(Collected data entries)
▬▬▬▬▬▬▬▬▬▬

(* Let $q$ be a prime power, $n\ge 1$ with $\gcd(n,q)=1$, and $\lambda\in\mathbb{F}_q^{*}$ of multiplicative order $t$. Let $\mathcal{C}=\mathcal{I}_i$ be an irreducible $\lambda$-constacyclic code of length $n$ and dimension $k$ over $\mathbb{F}_q$ corresponding to the $q$-cyclotomic coset $C_{1+t\alpha_i}=\{1+t\alpha_i,(1+t\alpha_i)q,\dots,(1+t\alpha_i)q^{k-1}\}$ modulo $tn$ (so $k=d_i$). Then $$N_{\langle\rho\rangle}(\mathcal{C}^{*})=\frac{(q^k-1)\gcd(1+t\alpha_i,n)}{tn}.$$ Moreover, the number of distinct nonzero Hamming weights of codewords of $\mathcal{C}$ is at most $N_{\langle\rho\rangle}(\mathcal{C}^{*})$, with equality if and only if for any two nonzero codewords $c_1,c_2\in\mathcal{C}$ of the same Hamming weight there exists an integer $j$ with $\rho^{j}(c_1)=c_2$.
   Context: Standing setup: $q$ is a prime power, $n$ a positive integer with $\gcd(n,q)=1$, $\lambda\in\mathbb{F}_q^{*}$ has multiplicative order $t$ (so $t\mid q-1$). $\mathcal{R}=\mathbb{F}_q[x]/\langle x^n-\lambda\rangle$; vectors $(c_0,\dots,c_{n-1})\in\mathbb{F}_q^n$ are identified with $c_0+c_1x+\dots+c_{n-1}x^{n-1}\in\mathcal{R}$, and a $\lambda$-constacyclic code of length $n$ is an ideal of $\mathcal{R}$. Let $\zeta$ be a primitive $tn$-th root of unity in an extension $\mathbb{F}_{q^m}$ with $\zeta^n=\lambda$, so $x^n-\lambda=\prod_{i=0}^{n-1}(x-\zeta^{1+ti})$. The set $\mathcal{S}=\{1+ti:0\le i\le n-1\}$ (residues mod $tn$) is partitioned into the distinct $q$-cyclotomic cosets modulo $tn$, $C_{1+t\alpha_j}=\{(1+t\alpha_j)q^{h}\bmod tn: h\ge 0\}$, $j=0,\dots,s$, with $0=\alpha_0<\alpha_1<\dots<\alpha_s\le n-1$ and $d_j=|C_{1+t\alpha_j}|$. Let $m_j(x)=\prod_{h\in C_{1+t\alpha_j}}(x-\zeta^{h})$ (irreducible over $\mathbb{F}_q$), and let $\mathcal{I}_j$ be the ideal of $\mathcal{R}$ generated by $(x^n-\lambda)/m_j(x)$; this is an irreducible (minimal) $\lambda$-constacyclic code of dimension $d_j$, said to correspond to the coset $C_{1+t\alpha_j}$, and $\mathcal{R}=\mathcal{I}_0\oplus\dots\oplus\mathcal{I}_s$. The cyclic shift $\rho:\mathcal{R}\to\mathcal{R}$ is $\rho(c(x))=xc(x)$, i.e. $(c_0,\dots,c_{n-1})\mapsto(\lambda c_{n-1},c_0,\dots,c_{n-2})$; $\langle\rho\rangle$ is the cyclic group it generates, of order $tn$, acting on every $\lambda$-constacyclic code. For $b\in\mathbb{F}_q^{*}$, $\sigma_b(c)=bc$, and $M=\{\sigma_b:b\in\mathbb{F}_q^{*}\}$; $\langle\rho,M\rangle$ is the group generated by $\rho$ and $M$. For a code $\mathcal{C}$, $\mathcal{C}^{*}=\mathcal{C}\setminus\{0\}$, and for a group $G$ acting on a finite set $X$, $N_G(X)$ denotes the number of $G$-orbits on $X$. *)

theory Defs
  imports "HOL-Computational_Algebra.Polynomial"
begin

definition mult_order :: "'a::field \<Rightarrow> nat" where
  "mult_order a = (LEAST d. d > 0 \<and> a ^ d = 1)"

definition field_embedding :: "('a::field \<Rightarrow> 'b::field) \<Rightarrow> bool" where
  "field_embedding e \<longleftrightarrow> inj e \<and> e 0 = 0 \<and> e 1 = 1 \<and>
     (\<forall>a b. e (a + b) = e a + e b) \<and> (\<forall>a b. e (a * b) = e a * e b)"

definition cyc_coset :: "nat \<Rightarrow> nat \<Rightarrow> nat \<Rightarrow> nat set" where
  "cyc_coset q N a = {(a * q ^ h) mod N | h. True}"

definition xn_minus :: "nat \<Rightarrow> 'a::field \<Rightarrow> 'a poly" where
  "xn_minus n lam = monom 1 n - [:lam:]"

text \<open>The ideal of R generated by g (for g dividing x^n - lambda, as a set of reduced
  representatives): all g*f mod (x^n - lambda).\<close>
definition ideal_gen :: "nat \<Rightarrow> 'a::field \<Rightarrow> 'a poly \<Rightarrow> 'a poly set" where
  "ideal_gen n lam g = {(g * f) mod xn_minus n lam | f. True}"

text \<open>The constacyclic shift rho(c) = x c and its inverse x^{-1} c = lambda^{-1} x^{n-1} c in R.\<close>
definition rho :: "nat \<Rightarrow> 'a::field \<Rightarrow> 'a poly \<Rightarrow> 'a poly" where
  "rho n lam c = (monom 1 1 * c) mod xn_minus n lam"

definition rho_inv :: "nat \<Rightarrow> 'a::field \<Rightarrow> 'a poly \<Rightarrow> 'a poly" where
  "rho_inv n lam c = (monom (inverse lam) (n - 1) * c) mod xn_minus n lam"

definition rho_pow :: "nat \<Rightarrow> 'a::field \<Rightarrow> int \<Rightarrow> 'a poly \<Rightarrow> 'a poly" where
  "rho_pow n lam j = (if j \<ge> 0 then rho n lam ^^ nat j else rho_inv n lam ^^ nat (- j))"

definition rho_orbit :: "nat \<Rightarrow> 'a::field \<Rightarrow> 'a poly \<Rightarrow> 'a poly set" where
  "rho_orbit n lam c = {rho_pow n lam j c | j. True}"

definition num_rho_orbits :: "nat \<Rightarrow> 'a::field \<Rightarrow> 'a poly set \<Rightarrow> nat" where
  "num_rho_orbits n lam X = card (rho_orbit n lam ` X)"

definition hweight :: "'a::zero poly \<Rightarrow> nat" where
  "hweight c = card {i. coeff c i \<noteq> 0}"

end

theory Submission
  imports Defs
begin

text \<open>
  Write \<open>N = t n\<close>, \<open>a = 1 + t \<alpha>\<close> and \<open>h = (x\<^sup>n - \<lambda>) / m\<close>. The codewords are exactly
  \<open>h r\<close> with \<open>deg r < k\<close>, so \<open>|C| = q\<^sup>k\<close>. For a nonzero codeword \<open>c = h r\<close> we have
  \<open>x\<^sup>e c = c\<close> in \<open>R\<close> iff \<open>m\<close> divides \<open>(x\<^sup>e - 1) r\<close>; since \<open>r\<close> has fewer than \<open>k = deg m\<close> roots,
  this happens iff every root \<open>\<zeta>^(a q^s)\<close> of \<open>m\<close> is an \<open>e\<close>-th root of unity, i.e. iff \<open>N\<close>
  divides \<open>a e\<close>, i.e. iff \<open>N / gcd(a, n)\<close> divides \<open>e\<close> (note \<open>gcd(a, t) = 1\<close>). So every orbit of
  \<open>\<langle>\<rho>\<rangle>\<close> on \<open>C\<^sup>*\<close> has exactly \<open>N / gcd(a, n)\<close> elements, which gives the number of orbits.
  The shift \<open>\<rho>\<close> permutes coordinates up to the nonzero factor \<open>\<lambda>\<close>, so the Hamming weight is
  constant on orbits; the weights are the image of the orbits under the induced map, which is
  injective exactly when codewords of equal weight lie in the same orbit.
\<close>

section \<open>Field embeddings\<close>

context
  fixes e :: "'a::field \<Rightarrow> 'b::field"
  assumes e: "field_embedding e"
begin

▬▬▬▬▬▬▬▬▬▬

Exercise
In the data above, how many lines contain the word "exactly"? Only the number is wanted.

Task output
3